Although your discomfort seems minimal and after longer rides, this is when fit deficiencies can surface, so check that your saddle is at least level (I ride mine slightly tipped up at the front) and I find that it sometimes helps to have KOPS set back about 1cm. I'm offering both as considerations, because you may know already that one or both don't work for you.

I'd try the options listed before spending money on such a questionable remedy. I'm sure you'll find someone singing the praises of CF stems and bars, but you probably would as well after shelling out the money for them.


----------



## laffeaux (Dec 12, 2001)

I have carbon bars on one bike, and aluminum bars on the other. I can tell no difference in vibrations between the way they ride. I can however, feel a significant difference in the tires that I'm running - some ride nicely and others do not. Not all 25mm tires ride particularly well. In fact some ride significantly worse than some 23mm tires. Other 25mm tires do ride well.

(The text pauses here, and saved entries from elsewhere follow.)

definition chiX :: "(nat \<Rightarrow> nat \<Rightarrow> nat \<Rightarrow> nat) \<Rightarrow> (nat \<Rightarrow> nat) \<Rightarrow> int" where
  "chiX E x = (if x \<in> Xmin E then 1 else 0)"

end

theory Submission
  imports Defs
begin

(* Since det A_{n,n+1} = 1, each A_{n,n+1}^{-1} is the integer adjugate matrix, so A_n is an integer
   matrix of determinant 1 and G = Z.  Moreover A_{n+1} (phi_n v) = (A_n v, 0), so the maps
   Phi_n = R_n o A_n are integer valued and compatible with the connecting maps; they induce Psi.

   Psi is injective because A_n is invertible and the functions chi_{B(r_l,l)}, l <= n, are linearly
   independent on X_min: the coefficient of chi_{B(r_n,n)} is the difference of the values at two
   paths that agree up to level n-1 and leave a_n through r_n and through r'_n respectively.

   Psi is surjective because a continuous integer function on the compact space X_min depends
   only on finitely many coordinates, i.e. is an integer combination of some chi_{B(i,n)}, and
   these are integer combinations of the chi_{B(r_l,l)}: if j is the parent of i /= r_{n+1}, then
   chi_{B(i,n+1)} = chi_{B(j,n)} on X_min, minus chi_{B(r_{n+1},n+1)} when j = a_{n+1}. *)

section \<open>Matrices\<close>

lemma minv_eqI:
  fixes A B :: "rat mat"
  assumes A: "A \<in> carrier_mat n n" and B: "B \<in> carrier_mat n n"
    and AB: "A * B = 1\<^sub>m n" and BA: "B * A = 1\<^sub>m n"
  shows "minv A = B"
proof (cases "mat_inverse A")
  case None
  have "A \<in> Units (ring_mat TYPE(rat) n ())"
    unfolding Units_def using A B AB BA by (auto simp: ring_mat_simps)
  with mat_inverse(1)[OF A None, of "()"] show ?thesis by blast
next
  case (Some B')
  with mat_inverse(2)[OF A Some] have B': "B' * A = 1\<^sub>m n" "B' \<in> carrier_mat n n" by auto
  have "B' = B' * (A * B)" using AB B' by simp
  also have "\<dots> = (B' * A) * B" using A B B'(2) by (simp add: assoc_mult_mat)
  also have "\<dots> = B" using B' B AB by simp
  finally show ?thesis unfolding minv_def Some by simp
qed

lemma unimodular_adj_mat:
  fixes A :: "'a::comm_ring_1 mat"
  assumes A: "A \<in> carrier_mat n n" and det: "det A = 1"
  shows "A * adj_mat A = 1\<^sub>m n" "adj_mat A * A = 1\<^sub>m n" "adj_mat A \<in> carrier_mat n n"
    and "det (adj_mat A) = 1"
proof -
  show AB: "A * adj_mat A = 1\<^sub>m n" "adj_mat A * A = 1\<^sub>m n" "adj_mat A \<in> carrier_mat n n"
    using adj_mat[OF A] det by auto
  have "det A * det (adj_mat A) = 1"
    using det_mult[OF A AB(3)] AB(1) by simp
  then show "det (adj_mat A) = 1" using det by simp
qed

lemma minv_of_int_unimodular:
  assumes A: "A \<in> carrier_mat n n" and det: "det A = 1"
  shows "minv (map_mat rat_of_int A) = map_mat rat_of_int (adj_mat A)"
proof (rule minv_eqI)
  note adj = unimodular_adj_mat[OF A det]
  show "map_mat rat_of_int A * map_mat rat_of_int (adj_mat A) = 1\<^sub>m n"
    by (simp add: of_int_hom.mat_hom_mult[symmetric, OF A adj(3)] adj of_int_hom.mat_hom_one)
  show "map_mat rat_of_int (adj_mat A) * map_mat rat_of_int A = 1\<^sub>m n"
    by (simp add: of_int_hom.mat_hom_mult[symmetric, OF adj(3) A] adj of_int_hom.mat_hom_one)
qed (use A unimodular_adj_mat(3)[OF A det] in auto)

If you're feeling vibrations that bother you try a lower PSI in your tires, or a different tire.


----------



## mimason (Oct 7, 2006)

Call it placibo but when I was rolling on my old Trek 5.2 I swapped out to a carbon flat bar and noticed less road vibration. I also like a carbon bar better because I sweat a lot and have seen and heard some horror stories when the aluminum bar snaps in half from corrosion.


----------



## mcsqueak (Apr 22, 2010)

mimason said:


> Call it placibo but when I was rolling on my old Trek 5.2 I swapped out to a carbon flat bar and noticed less road vibration. I also like a carbon bar better because I sweat a lot and have seen and heard some horror stories when the aluminum bar snaps in half from corrosion.


Aluminum bars that have been anodized or otherwise coated shouldn't corrode from just sweat, I wouldn't think.


----------



## mimason (Oct 7, 2006)

mcsqueak said:


> Aluminum bars that have been anodized or otherwise coated shouldn't corrode from just sweat, I wouldn't think.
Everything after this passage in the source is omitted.